2.5The CSIRO submitted that the ‘frequency, severity and duration of extreme fire weather conditions’ have increased in southern and eastern Australia, while projections also indicate that flood magnitudes will be increased by climate change in northern and eastern Australia.[5]

2.6The Australian Research Council Centre of Excellence for Climate Extremes (ARCCECE) submitted that the impact of humanity’s greenhouse gas emissions on climate change is unambiguous, and the risks are clearly increasing for some extreme events like heatwaves and flooding.[6]

2.7The BoM’s State of the Climate 2022 report stated that there is both a present and ongoing need for planning and adaptation to climate risk, as it changes.[7] The pace of these changes is increasing, and the record-breaking extremes experienced in the last decade have led to natural disasters exacerbated by human-caused climate change.[8]

2.8The ARCCECE stated that existing weather events have already threatened Australia’s road network, with increased risk of severe and more frequent flash flooding due to high intensity, short-duration rain events, particularly in the past two decades.[9] The past two decades in Australia were also warmer than any decade in the 20th Century.[10]

2.9The ARCCECE further submitted that with each additional fraction of a degree, the risk of extreme weather events is increased:

There are likely to be more intense extremes in the future, particularly for heatwaves and rainfall, along with more frequent swings from extreme droughts to flooding rains. It is crucial that climate risk is considered across the infrastructure portfolio.[11]

2.10The impact of extreme weather events on road infrastructure is discussed later in this chapter.

Box 2.1Defining the term ‘compound events’

The term ‘compound events’ was used multiple times in the ARCCECE’s submission.[12] It describes multiple weather and climate elements occurring at the same time. These events impact socioeconomic or ecological systems and may result from a combination of hazards or drivers.[13] One example is a simultaneous 10 per cent increase in rainfall andwind gusts – in isolation these two events are unlikely to be significant, however together the impact can be considerable.

The ARCCECE submitted that such compound events should be included in future climate risk assessments. However, data records are currently insufficiently long or too incomplete to be reliably used for statistical analyses.[14]

Future climate change in Australia will lead to increased compound events across the country, which the ARCCECE submitted will include prolonged hot and dry compound events, likely leading to an increase in wet and windy compound events in the north, and a decrease of extreme wind and rain events in the south.[15]

Climate modelling and prediction

Accuracy of climate predictions

2.11A key factor in addressing the issue of climate change is the inherent uncertainty in long-term predictions for weather and climate, especially across different locations within Australia.

2.12The BoM’s State of the Climate 2022 report noted that there has been a consistent picture of ongoing, long-term climate change interacting with underlying natural variability, with climate extremes and weather events including heavy rainfall, coastal inundation, extreme heat, fire, and drought all impacted by these long-term changes.[16]

2.13Engineers Australia stated that while climate change is certain, the extent of that change is unknown. In order to appropriately design infrastructure, it is important to quantify the magnitude of the change, the frequency and the duration.[17]

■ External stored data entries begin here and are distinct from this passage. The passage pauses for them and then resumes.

(* Let $(T,\mathcal T,\mu)$ be a finite positive (not necessarily complete) measure space, $S$ a separable complete metric space, and $N$ a positive integer. Let $\Gamma$ be a multifunction from $T$ to nonempty finite subsets of $S$ of cardinality at most $N$, which is measurable with respect to the $\mu$-completion $\mathcal T_\mu$ of $\mathcal T$. Then there exist $n\le N$ measurable maps $s_i:T_i\to S$, $1\le i\le n$, such that: $T_i\in\mathcal T$ for $1\le i\le n$; there is a set $T_0\in\mathcal T$ of full $\mu$-measure such that $\Gamma(t)=\{s_i(t):t\in T_i,\ 1\le i\le n\}$ for all $t\in T_0$; and if $t\in T_i\cap T_j$ with $i\ne j$ then $s_i(t)\ne s_j(t)$.
   Context: A multifunction $\Gamma$ from $T$ to $S$ assigns to each $t\in T$ a nonempty subset $\Gamma(t)\subset S$; its graph is $G(\Gamma)=\{(t,s)\in T\times S:s\in\Gamma(t)\}$. $\Gamma$ is measurable with respect to a $\sigma$-algebra $\mathcal T'$ on $T$ if $G(\Gamma)\in\mathcal T'\otimes\mathcal B(S)$, where $\mathcal B(S)$ is the Borel $\sigma$-algebra of $S$. A map $s_i:T_i\to S$ is measurable when $T_i$ carries the trace of $\mathcal T$ and $S$ its Borel $\sigma$-algebra. *)

theory Defs
  imports "HOL-Analysis.Analysis"
begin

end

theory Submission
  imports Defs
begin

text \<open>The graph \<open>G\<close> of \<open>\<Gamma>\<close> is a completion-measurable subset of \<open>T \<times> S\<close> whose
  sections have at most \<open>N\<close> points. Fix open sets \<open>U\<^sub>0, U\<^sub>1, \<dots>\<close> separating the points
  of \<open>S\<close>, and refine \<open>G\<close> step by step: at step \<open>n\<close> keep over each \<open>t\<close> only the points of
  the section lying in \<open>U\<^sub>n\<close>, provided there are any. In the limit every nonempty finite
  section shrinks to a single point, and every step is measurable because the projection of a
  set in \<open>\<T>\<^sub>\<mu> \<otimes> \<B>(S)\<close> to \<open>T\<close> is \<open>\<T>\<^sub>\<mu>\<close>-measurable (such sets are Suslin sets over
  rectangles with closed sides, Suslin sets are preserved by projection along a Polish factor,
  and they are measurable for a complete finite measure). Removing the selected graph and
  repeating \<open>N\<close> times splits \<open>G\<close> into \<open>N\<close> disjoint measurable graphs of functions; their
  domains and the functions are \<open>\<T>\<^sub>\<mu>\<close>-measurable, so they agree with \<open>\<T>\<close>-measurable ones
  off a \<open>\<mu>\<close>-null set.\<close>

section \<open>The Suslin operation\<close>

definition suslin :: "(nat list \<Rightarrow> 'x set) \<Rightarrow> 'x set" where
  "suslin A = (\<Union>f. \<Inter>k. A (map f [0..<k]))"

lemma suslin_subset:
  assumes "\<And>s. A s \<subseteq> \<Omega>"
  shows "suslin A \<subseteq> \<Omega>"
proof
  fix t assume "t \<in> suslin A"
  then obtain f where "\<forall>k. t \<in> A (map f [0..<k])"
    unfolding suslin_def by blast
  from this[rule_format, of 0] show "t \<in> \<Omega>"
    using assms by auto
qed

lemma suslin_const [simp]: "suslin (\<lambda>s. X) = X"
  unfolding suslin_def by simp

lemma map_upt_Suc_Cons: "map g [0..<Suc k] = g 0 # map (\<lambda>i. g (Suc i)) [0..<k]"
  by (induct k) auto

lemma mem_suslin_if_branching:
  assumes "t \<in> H []" and "\<And>s. t \<in> H s \<Longrightarrow> \<exists>j. t \<in> H (s @ [j])" and "\<And>s. H s \<subseteq> A s"
  shows "t \<in> suslin A"
proof -
  define pick where "pick s = (SOME j. t \<in> H (s @ [j]))" for s
  define path where "path n = ((\<lambda>s. s @ [pick s]) ^^ n) []" for n
  have path_Suc: "path (Suc n) = path n @ [pick (path n)]" for n
    by (simp add: path_def)
  have path_eq: "path n = map (\<lambda>i. pick (path i)) [0..<n]" for n
    by (induct n) (simp_all add: path_Suc path_def[of 0])
  have "t \<in> H (path n)" for n
  proof (induct n)
    case 0
    then show ?case using assms(1) by (simp add: path_def)
  next
    case (Suc n)
    then show ?case
      using someI_ex[OF assms(2)[OF Suc]] by (simp add: path_Suc pick_def)
  qed
  then have "t \<in> A (map (\<lambda>i. pick (path i)) [0..<k])" for k
    using assms(3)[of "path k"] by (auto simp flip: path_eq)
  then show ?thesis
    unfolding suslin_def by blast
qed

definition suslin_extending :: "(nat list \<Rightarrow> 'x set) \<Rightarrow> nat list \<Rightarrow> 'x set" where
  "suslin_extending A s = {t. \<exists>f. map f [0..<length s] = s \<and> (\<forall>k. t \<in> A (map f [0..<k]))}"

lemma suslin_extending_subset: "suslin_extending A s \<subseteq> A s"
proof
  fix t assume "t \<in> suslin_extending A s"
  then obtain f where "map f [0..<length s] = s" "\<forall>k. t \<in> A (map f [0..<k])"
    unfolding suslin_extending_def by blast
  then show "t \<in> A s"
    by (metis (no_types))
qed

lemma suslin_extending_branches: "suslin_extending A s \<subseteq> (\<Union>j. suslin_extending A (s @ [j]))"
proof
  fix t assume "t \<in> suslin_extending A s"
  then obtain f where f: "map f [0..<length s] = s" "\<forall>k. t \<in> A (map f [0..<k])"
    unfolding suslin_extending_def by blast
  have "map f [0..<length (s @ [f (length s)])] = s @ [f (length s)]"
    using f(1) by simp
  then have "t \<in> suslin_extending A (s @ [f (length s)])"
    unfolding suslin_extending_def using f(2) by blast
  then show "t \<in> (\<Union>j. suslin_extending A (s @ [j]))"
    by blast
qed

lemma suslin_subset_extending_Nil: "suslin A \<subseteq> suslin_extending A []"
proof
  fix t assume "t \<in> suslin A"
  then obtain f where "\<forall>k. t \<in> A (map f [0..<k])"
    unfolding suslin_def by blast
  then show "t \<in> suslin_extending A []"
    unfolding suslin_extending_def by (intro CollectI exI[of _ f]) simp
qed

lemma measurable_envelope_within:
  assumes "emeasure M (space M) < \<infinity>" and "X \<subseteq> Y" and "Y \<in> sets M"
  shows "\<exists>H. H \<in> sets M \<and> X \<subseteq> H \<and> H \<subseteq> Y \<and> (\<forall>D\<in>sets M. D \<subseteq> H - X \<longrightarrow> D \<in> null_sets M)"
proof -
  have "X \<subseteq> space M"
    using assms(2,3) sets.sets_into_space by blast
  then obtain E where E: "measurable_envelope M X E"
    using measurable_envelopeI_countable_cover[of X "\<lambda>_. space M" M] assms(1) by auto
  have "E \<inter> Y \<in> sets M" "X \<subseteq> E \<inter> Y"
    using measurable_envelopeD(1,2)[OF E] assms(2,3) by auto
  moreover have "D \<in> null_sets M" if "D \<in> sets M" "D \<subseteq> E \<inter> Y - X" for D
    using measurable_envelopeD1[OF E, of D] that by (auto intro: null_setsI)
  ultimately show ?thesis
    using assms(2) by (intro exI[of _ "E \<inter> Y"]) simp
qed

text \<open>Take measurable envelopes \<open>H s \<subseteq> A s\<close> of \<open>suslin_extending A s\<close>. Where the
  envelopes fail to branch is a null set \<open>Z\<close>, and off \<open>Z\<close> every point of \<open>H []\<close> has a
  witness, so \<open>suslin A\<close> differs from \<open>H [] - Z\<close> by a subset of a null set.\<close>

lemma suslin_in_completion:
  assumes fin: "emeasure M (space M) < \<infinity>" and A: "\<And>s. A s \<in> sets (completion M)"
  shows "suslin A \<in> sets (completion M)"
proof -
  let ?C = "completion M"
  have fin_C: "emeasure ?C (space ?C) < \<infinity>"
    using fin by simp
  define R where "R = suslin_extending A"
  have "\<forall>s. \<exists>H. H \<in> sets ?C \<and> R s \<subseteq> H \<and> H \<subseteq> A s
      \<and> (\<forall>D\<in>sets ?C. D \<subseteq> H - R s \<longrightarrow> D \<in> null_sets ?C)"
    unfolding R_def by (intro allI measurable_envelope_within[OF fin_C suslin_extending_subset A])
  from choice[OF this] obtain H where H_env: "\<forall>s. H s \<in> sets ?C \<and> R s \<subseteq> H s \<and> H s \<subseteq> A s
      \<and> (\<forall>D\<in>sets ?C. D \<subseteq> H s - R s \<longrightarrow> D \<in> null_sets ?C)"
    ..
  then have H: "\<And>s. H s \<in> sets ?C" "\<And>s. R s \<subseteq> H s" "\<And>s. H s \<subseteq> A s"
    "\<And>s D. D \<in> sets ?C \<Longrightarrow> D \<subseteq> H s - R s \<Longrightarrow> D \<in> null_sets ?C"
    by simp_all
  define Z where "Z = (\<Union>s. H s - (\<Union>j. H (s @ [j])))"
  have Z: "Z \<in> null_sets ?C"
    unfolding Z_def
  proof (rule null_sets_UN')
    fix s
    have "R s \<subseteq> (\<Union>j. R (s @ [j]))"
      unfolding R_def by (rule suslin_extending_branches)
    then have "R s \<subseteq> (\<Union>j. H (s @ [j]))"
      using H(2) by blast
    moreover have "(\<Union>j. H (s @ [j])) \<in> sets ?C"
      using H(1) by blast
    ultimately show "H s - (\<Union>j. H (s @ [j])) \<in> null_sets ?C"
      using H(1)[of s] by (intro H(4)) auto
  qed simp
  have "H [] - Z \<subseteq> suslin A"
  proof
    fix t assume t: "t \<in> H [] - Z"
    have "\<exists>j. t \<in> H (s @ [j])" if "t \<in> H s" for s
      using t that unfolding Z_def by blast
    with t H(3) show "t \<in> suslin A"
      by (intro mem_suslin_if_branching[of t H]) auto
  qed
  moreover have "suslin A \<subseteq> R []"
    unfolding R_def by (rule suslin_subset_extending_Nil)
  then have "suslin A \<subseteq> H []"
    using H(2)[of "[]"] by blast
  ultimately have "suslin A = (H [] - Z) \<union> (suslin A \<inter> Z)"
    by blast
  also have "\<dots> \<in> sets ?C"
  proof (intro sets.Un sets.Diff)
    show "suslin A \<inter> Z \<in> sets ?C"
      using null_sets_completion_subset[of "suslin A \<inter> Z" Z M] Z by blast
  qed (use H(1) Z in auto)
  finally show ?thesis .
qed

definition suslin_sets :: "('x set \<Rightarrow> bool) \<Rightarrow> 'x set set" where
  "suslin_sets P = {suslin A | A. \<forall>s. P (A s)}"

lemma suslin_setsI: "(\<And>s. P (A s)) \<Longrightarrow> suslin A \<in> suslin_sets P"
  unfolding suslin_sets_def by blast

lemma suslin_setsE:
  assumes "X \<in> suslin_sets P"
  obtains A where "X = suslin A" "\<And>s. P (A s)"
  using assms unfolding suslin_sets_def by blast

lemma suslin_sets_seqE:
  assumes "\<And>n::nat. X n \<in> suslin_sets P"
  obtains A where "\<And>n. X n = suslin (A n)" "\<And>n s. P (A n s)"
proof -
  have "\<forall>n. \<exists>A. X n = suslin A \<and> (\<forall>s. P (A s))"
    using assms unfolding suslin_sets_def by blast
  from choice[OF this] obtain A where "\<forall>n. X n = suslin (A n) \<and> (\<forall>s. P (A n s))" ..
  then show ?thesis using that by blast
qed

lemma suslin_sets_subset: "(\<And>X. P X \<Longrightarrow> X \<subseteq> \<Omega>) \<Longrightarrow> E \<in> suslin_sets P \<Longrightarrow> E \<subseteq> \<Omega>"
  by (metis suslin_setsE suslin_subset)

lemma suslin_sets_base: "P X \<Longrightarrow> X \<in> suslin_sets P"
  using suslin_setsI[of P "\<lambda>s. X"] by simp

lemma suslin_UN_eq:
  assumes "\<And>n s. A n s \<subseteq> \<Omega>"
  shows "suslin (case_list \<Omega> A) = (\<Union>n. suslin (A n))"
proof (intro equalityI subsetI)
  fix t assume "t \<in> suslin (case_list \<Omega> A)"
  then obtain g where g: "\<forall>k. t \<in> case_list \<Omega> A (map g [0..<k])"
    unfolding suslin_def by blast
  have "t \<in> A (g 0) (map (\<lambda>i. g (Suc i)) [0..<k])" for k
    using g[rule_format, of "Suc k"] by (simp only: map_upt_Suc_Cons list.case)
  then show "t \<in> (\<Union>n. suslin (A n))"
    unfolding suslin_def by blast
next
  fix t assume "t \<in> (\<Union>n. suslin (A n))"
  then obtain n f where f: "\<forall>k. t \<in> A n (map f [0..<k])"
    unfolding suslin_def by blast
  have "t \<in> case_list \<Omega> A (map (case_nat n f) [0..<k])" for k
  proof (cases k)
    case 0
    then show ?thesis using f[rule_format, of 0] assms by auto
  next
    case (Suc k')
    then show ?thesis using f[rule_format, of k'] by (simp only: map_upt_Suc_Cons) simp
  qed
  then show "t \<in> suslin (case_list \<Omega> A)"
    unfolding suslin_def by blast
qed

2.14The BoM noted that climate and weatherfactors like rainfall, stream flow, heat and fire weather all impact the road infrastructure network, but there is variation in the certainty of projections for each of these phenomena, and further variation in certainty for different phenomena in different places.[18]

2.15The ARCCECE reiterated this concern around certainty of locationbased forecasting, stating that:

Climate science has made some profound contributions for our understanding of risk both now and in the future, but that does not mean we have the skill to forecast extreme events at a specific location for a specific period of time in the future with useful skill. I'm talking here not about tomorrow or the day after or next week; I'm talking about the risk to a specific location in 20 or 30 years’ time.[19]

2.16The ARCCECE recommended that when modelling climate change impacts, uncertainty in climate and weather estimates should be accounted for in future projections.[20] When generating quantifiable estimates, the ARCCECE submitted that uncertainty is created by:

  • the complexity of natural variability
  • limitations of existing climate projections
  • the ongoing study of the climate’s effects
  • the complexity of the climate’s impacts on Australian society.[21]
    1. The ARCCECE noted that engineers require a specific data point to be selected for planning, and they then do a terrific job of building to that line drawn on a map.[22] However, the accuracy of that line is based on inherently uncertain estimates and as a result, developments that appear resilient can end up being catastrophically vulnerable to certain weather events:[23]

It's a wicked problem. We know that the temperature extremes are heading in one direction, but, even though on average rainfall extremes will intensify, that does not mean that for a particular place rainfall will intensify. So there is a high risk of gross overinvestment in resilience in some regions and a failure to account for uncertainty in extreme events in other locations.[24]

2.18The BoM submitted that the value of location-specific forecasting can be demonstrated by current issues with flood and inundation mapping. While the BoM has provided flood models according to a fixed number of forecast locations, these locations are usually in the river channel itself.[25] The BoM noted that communities and regions may struggle to use this information to predict what a flood will look like:

The other thing that is happening with that modelling effort is that the bureau's flood models have typically—as they are required to do under the service level agreements—focused on a fixed number of forecast locations. The forecast product is generally limited to 'we expect the water level to be this high at this time and at this location', and those locations are typically in the river channel. That has historically made it difficult for some communities and businesses to translate a forecast river height into the flood that they can expect away from the river.[26]

2.19The BoM has been working in the Hawkesbury Nepean region, creating forecasts that incorporate inundation mapping, which demonstrate the actual regional impact of the floodwaters, as well as the traditional flood mapping. Key features of this approach are higher accuracy, timeliness, and more probabilistic data.[27]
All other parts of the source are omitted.